Common group recommendation methods

After seeing these problems with communal identities, I became curious about how other people have solved group recommendation services so far. Recommendation services for individuals succeed if they lead to further engagement. Engagement may take different forms, based on the service type:

Video recommendations – watching an entire show or movie, subscribing to the channel, watching the next episode
Commerce recommendations – buying the item, rating it
Music recommendations – listening to a song fully, adding to a playlist, liking

Collaborative filtering (deep dive in Programming Collective Intelligence) is the most common approach for doing individual recommendations. It looks at who I overlap with in taste and then recommends items that I might not have tried from other people’s lists. This won’t work for group recommendations because in a group, you can’t tell which behavior (e.g., listening or liking a song) should be attributed to which person. Collaborative filtering only works when the behaviors can all be attributed to a single person.

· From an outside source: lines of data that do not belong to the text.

(* Let $Q$ be a tree quiver, let $(M,x)$ be a radiation module such that $M$ is exceptional, and let $\mathcal B=\mathcal B(M,x)$ be a radiation basis. Let $y,z\in Q_0$ be neighbors with $d(x,y)+1=d(x,z)$. Then in the coefficient quiver $\Gamma(M,\mathcal B)$ every element of $\mathcal B_z$ is joined by an arrow to precisely one element of $\mathcal B_y$. If $\dim M_y\le\dim M_z$, then every element of $\mathcal B_y$ is joined by an arrow to at least one element of $\mathcal B_z$. If $\dim M_y\ge \dim M_z$, then every element of $\mathcal B_y$ is joined by an arrow to at most one element of $\mathcal B_z$.
   Context: $k$ is a field; $Q$ is a locally finite quiver whose underlying graph is a tree; $d(u,v)$ is the distance of vertices in the underlying graph; representations are finite-dimensional. A representation $M$ is exceptional if it is indecomposable and $\operatorname{Ext}^1(M,M)=0$. $S(x)$ is the simple at $x$; $Q^x$ is $Q$ with $x$ and arrows at $x$ deleted; restriction to $Q^x$ forgets $M_x$ and the maps of arrows at $x$. Coefficient quiver: for bases $\mathcal B_z$ of $M_z$, $\Gamma(M,\mathcal B)$ has vertex set the disjoint union of the $\mathcal B_z$; for an arrow $\alpha\colon u\to w$ and $b\in\mathcal B_u$ write $M_\alpha(b)=\sum_{b'\in\mathcal B_w}c_{b'b}b'$; there is an arrow $b\to b'$ labelled $\alpha$ iff $c_{b'b}\ne0$. Radiation modules (recursive): pairs $(M,x)$, $M$ indecomposable, $\dim M_x=1$. $(S(x),x)$ is one. If $M$ has length $\ge 2$, $(M,x)$ is one if the restriction of $M$ to $Q^x$ is $\bigoplus_i N(i)$ with $N(i)$ indecomposable, $\operatorname{Hom}(N(i),N(j))=0$ for $i\ne j$, and for each $i$ a neighbor $y(i)$ of $x$ with $(N(i),y(i))$ a radiation module. Radiation basis containing nonzero $b\in M_x$ (recursive): for $S(x)$ it is $\{b\}$; otherwise fix such a decomposition, let $\alpha_i$ be the arrow between $x$ and $y(i)$; if $\alpha_i\colon x\to y(i)$ let $b_i$ be the $N(i)_{y(i)}$-component of $M_{\alpha_i}(b)$ in $M_{y(i)}=\bigoplus_jN(j)_{y(i)}$; if $\alpha_i\colon y(i)\to x$ let $b_i\in N(i)_{y(i)}$ with $M_{\alpha_i}(b_i)=b$; then $\mathcal B(M,x)=\{b\}\cup\bigcup_i\mathcal B(N(i),y(i))$ with $\mathcal B(N(i),y(i))$ a radiation basis of $(N(i),y(i))$ containing $b_i$. $\mathcal B_z$ denotes the elements lying in $M_z$. *)

theory Defs
  imports Complex_Main
begin

section \<open>Quivers (vertices = UNIV :: 'v set, arrows = UNIV :: 'a set)\<close>

definition adj :: "('a \<Rightarrow> 'v) \<Rightarrow> ('a \<Rightarrow> 'v) \<Rightarrow> 'v \<Rightarrow> 'v \<Rightarrow> bool" where
  "adj src tgt u v \<longleftrightarrow> (\<exists>\<alpha>. (src \<alpha> = u \<and> tgt \<alpha> = v) \<or> (src \<alpha> = v \<and> tgt \<alpha> = u))"

definition walk :: "('a \<Rightarrow> 'v) \<Rightarrow> ('a \<Rightarrow> 'v) \<Rightarrow> 'v list \<Rightarrow> 'v \<Rightarrow> 'v \<Rightarrow> bool" where
  "walk src tgt p u v \<longleftrightarrow> p \<noteq> [] \<and> hd p = u \<and> last p = v \<and>
     (\<forall>i. Suc i < length p \<longrightarrow> adj src tgt (p ! i) (p ! Suc i))"

definition dist_q :: "('a \<Rightarrow> 'v) \<Rightarrow> ('a \<Rightarrow> 'v) \<Rightarrow> 'v \<Rightarrow> 'v \<Rightarrow> nat" where
  "dist_q src tgt u v = (LEAST n. \<exists>p. walk src tgt p u v \<and> length p = Suc n)"

definition locally_finite_quiver :: "('a \<Rightarrow> 'v) \<Rightarrow> ('a \<Rightarrow> 'v) \<Rightarrow> bool" where
  "locally_finite_quiver src tgt \<longleftrightarrow> (\<forall>v. finite {\<alpha>. src \<alpha> = v \<or> tgt \<alpha> = v})"

definition tree_quiver :: "('a \<Rightarrow> 'v) \<Rightarrow> ('a \<Rightarrow> 'v) \<Rightarrow> bool" where
  "tree_quiver src tgt \<longleftrightarrow>
     (\<forall>\<alpha>. src \<alpha> \<noteq> tgt \<alpha>) \<and>
     (\<forall>\<alpha> \<beta>. \<alpha> \<noteq> \<beta> \<longrightarrow> {src \<alpha>, tgt \<alpha>} \<noteq> {src \<beta>, tgt \<beta>}) \<and>
     (\<forall>u v. \<exists>p. walk src tgt p u v) \<and>
     (\<forall>u v p q. walk src tgt p u v \<and> distinct p \<and> walk src tgt q u v \<and> distinct q \<longrightarrow> p = q)"

text \<open>A representation is a family of subspaces V z of an ambient k-vector space 'w
  together with maps F \<alpha> (only their values on V (src \<alpha>) matter).\<close>

definition lin_on :: "('k::field \<Rightarrow> 'w::ab_group_add \<Rightarrow> 'w) \<Rightarrow> 'w set \<Rightarrow> 'w set \<Rightarrow> ('w \<Rightarrow> 'w) \<Rightarrow> bool" where
  "lin_on scale S T f \<longleftrightarrow> f ` S \<subseteq> T \<and> (\<forall>u\<in>S. \<forall>v\<in>S. f (u + v) = f u + f v) \<and>
     (\<forall>c. \<forall>v\<in>S. f (scale c v) = scale c (f v))"

definition fin_dim_subspace :: "('k::field \<Rightarrow> 'w::ab_group_add \<Rightarrow> 'w) \<Rightarrow> 'w set \<Rightarrow> bool" where
  "fin_dim_subspace scale S \<longleftrightarrow> module.subspace scale S \<and>
     (\<exists>B. finite B \<and> B \<subseteq> S \<and> module.span scale B = S)"

definition is_rep :: "('k::field \<Rightarrow> 'w::ab_group_add \<Rightarrow> 'w) \<Rightarrow> ('a \<Rightarrow> 'v) \<Rightarrow> ('a \<Rightarrow> 'v)
    \<Rightarrow> ('v \<Rightarrow> 'w set) \<Rightarrow> ('a \<Rightarrow> 'w \<Rightarrow> 'w) \<Rightarrow> bool" where
  "is_rep scale src tgt V F \<longleftrightarrow> (\<forall>z. fin_dim_subspace scale (V z)) \<and>
     finite {z. V z \<noteq> {0}} \<and> (\<forall>\<alpha>. lin_on scale (V (src \<alpha>)) (V (tgt \<alpha>)) (F \<alpha>))"

definition is_subrep :: "('k::field \<Rightarrow> 'w::ab_group_add \<Rightarrow> 'w) \<Rightarrow> ('a \<Rightarrow> 'v) \<Rightarrow> ('a \<Rightarrow> 'v)
    \<Rightarrow> ('v \<Rightarrow> 'w set) \<Rightarrow> ('a \<Rightarrow> 'w \<Rightarrow> 'w) \<Rightarrow> ('v \<Rightarrow> 'w set) \<Rightarrow> bool" where
  "is_subrep scale src tgt V F U \<longleftrightarrow>
     (\<forall>z. module.subspace scale (U z) \<and> U z \<subseteq> V z) \<and> (\<forall>\<alpha>. F \<alpha> ` U (src \<alpha>) \<subseteq> U (tgt \<alpha>))"

definition zero_rep :: "('v \<Rightarrow> 'w::zero set) \<Rightarrow> bool" where
  "zero_rep V \<longleftrightarrow> (\<forall>z. V z = {0})"

definition is_decomp :: "('k::field \<Rightarrow> 'w::ab_group_add \<Rightarrow> 'w) \<Rightarrow> ('a \<Rightarrow> 'v) \<Rightarrow> ('a \<Rightarrow> 'v)
    \<Rightarrow> ('v \<Rightarrow> 'w set) \<Rightarrow> ('a \<Rightarrow> 'w \<Rightarrow> 'w) \<Rightarrow> nat \<Rightarrow> (nat \<Rightarrow> 'v \<Rightarrow> 'w set) \<Rightarrow> bool" where
  "is_decomp scale src tgt V F n N \<longleftrightarrow>
     (\<forall>i<n. is_subrep scale src tgt V F (N i)) \<and>
     (\<forall>z. \<forall>v\<in>V z. \<exists>!u. (\<forall>i<n. u i \<in> N i z) \<and> (\<forall>i\<ge>n. u i = 0) \<and> v = (\<Sum>i<n. u i))"

definition indecomposable :: "('k::field \<Rightarrow> 'w::ab_group_add \<Rightarrow> 'w) \<Rightarrow> ('a \<Rightarrow> 'v) \<Rightarrow> ('a \<Rightarrow> 'v)
    \<Rightarrow> ('v \<Rightarrow> 'w set) \<Rightarrow> ('a \<Rightarrow> 'w \<Rightarrow> 'w) \<Rightarrow> bool" where
  "indecomposable scale src tgt V F \<longleftrightarrow> is_rep scale src tgt V F \<and> \<not> zero_rep V \<and>
     (\<forall>N. is_decomp scale src tgt V F 2 N \<longrightarrow> zero_rep (N 0) \<or> zero_rep (N 1))"

definition is_hom :: "('k::field \<Rightarrow> 'w::ab_group_add \<Rightarrow> 'w) \<Rightarrow> ('a \<Rightarrow> 'v) \<Rightarrow> ('a \<Rightarrow> 'v)
    \<Rightarrow> ('v \<Rightarrow> 'w set) \<Rightarrow> ('a \<Rightarrow> 'w \<Rightarrow> 'w) \<Rightarrow> ('v \<Rightarrow> 'w set) \<Rightarrow> ('a \<Rightarrow> 'w \<Rightarrow> 'w)
    \<Rightarrow> ('v \<Rightarrow> 'w \<Rightarrow> 'w) \<Rightarrow> bool" where
  "is_hom scale src tgt V1 F1 V2 F2 h \<longleftrightarrow> (\<forall>z. lin_on scale (V1 z) (V2 z) (h z)) \<and>
     (\<forall>\<alpha>. \<forall>v\<in>V1 (src \<alpha>). h (tgt \<alpha>) (F1 \<alpha> v) = F2 \<alpha> (h (src \<alpha>) v))"

definition hom_zero :: "('k::field \<Rightarrow> 'w::ab_group_add \<Rightarrow> 'w) \<Rightarrow> ('a \<Rightarrow> 'v) \<Rightarrow> ('a \<Rightarrow> 'v)
    \<Rightarrow> ('v \<Rightarrow> 'w set) \<Rightarrow> ('a \<Rightarrow> 'w \<Rightarrow> 'w) \<Rightarrow> ('v \<Rightarrow> 'w set) \<Rightarrow> ('a \<Rightarrow> 'w \<Rightarrow> 'w) \<Rightarrow> bool" where
  "hom_zero scale src tgt V1 F1 V2 F2 \<longleftrightarrow>
     (\<forall>h. is_hom scale src tgt V1 F1 V2 F2 h \<longrightarrow> (\<forall>z. \<forall>v\<in>V1 z. h z v = 0))"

Group recommendation services build on top of these individualized concepts. The most common approach is to look at each individual’s preferences and combine them in some way for the group. Two key papers discussing how to combine individual preferences describe PolyLens, a movie recommendation service for groups, and CATS, an approach to collaborative filtering for group recommendations. A paper on ResearchGate summarized research on group recommendations back in 2007.

According to the PolyLens paper, group recommendation services should “create a ‘pseudo-user’ that represents the group’s tastes, and to produce recommendations for the pseudo-user.” There could be issues about imbalances of data if some members of the group provide more behavior or preference information than others. You don’t want the group’s preferences to be dominated by a very active minority.

An alternative to this, again from the PolyLens paper, is to “generate recommendation lists for each group member and merge the lists.” It’s easier for these services to explain why any item is on the list, because it’s possible to show how many members of the group liked a particular item that was recommended. Creating a single pseudo-user for the group might obscure the preferences of individual members.

The criteria for the success of a group recommendation service are similar to the criteria for the success of individual recommendation services: are songs and movies played in their entirety? Are they added to playlists? However, group recommendations must also take into account group dynamics. Is the algorithm fair to all members of the group, or do a few members dominate its recommendations? Do its recommendations cause “misery” to some group members (i.e., are there some recommendations that most members always listen to and like, but that some always skip and strongly dislike)?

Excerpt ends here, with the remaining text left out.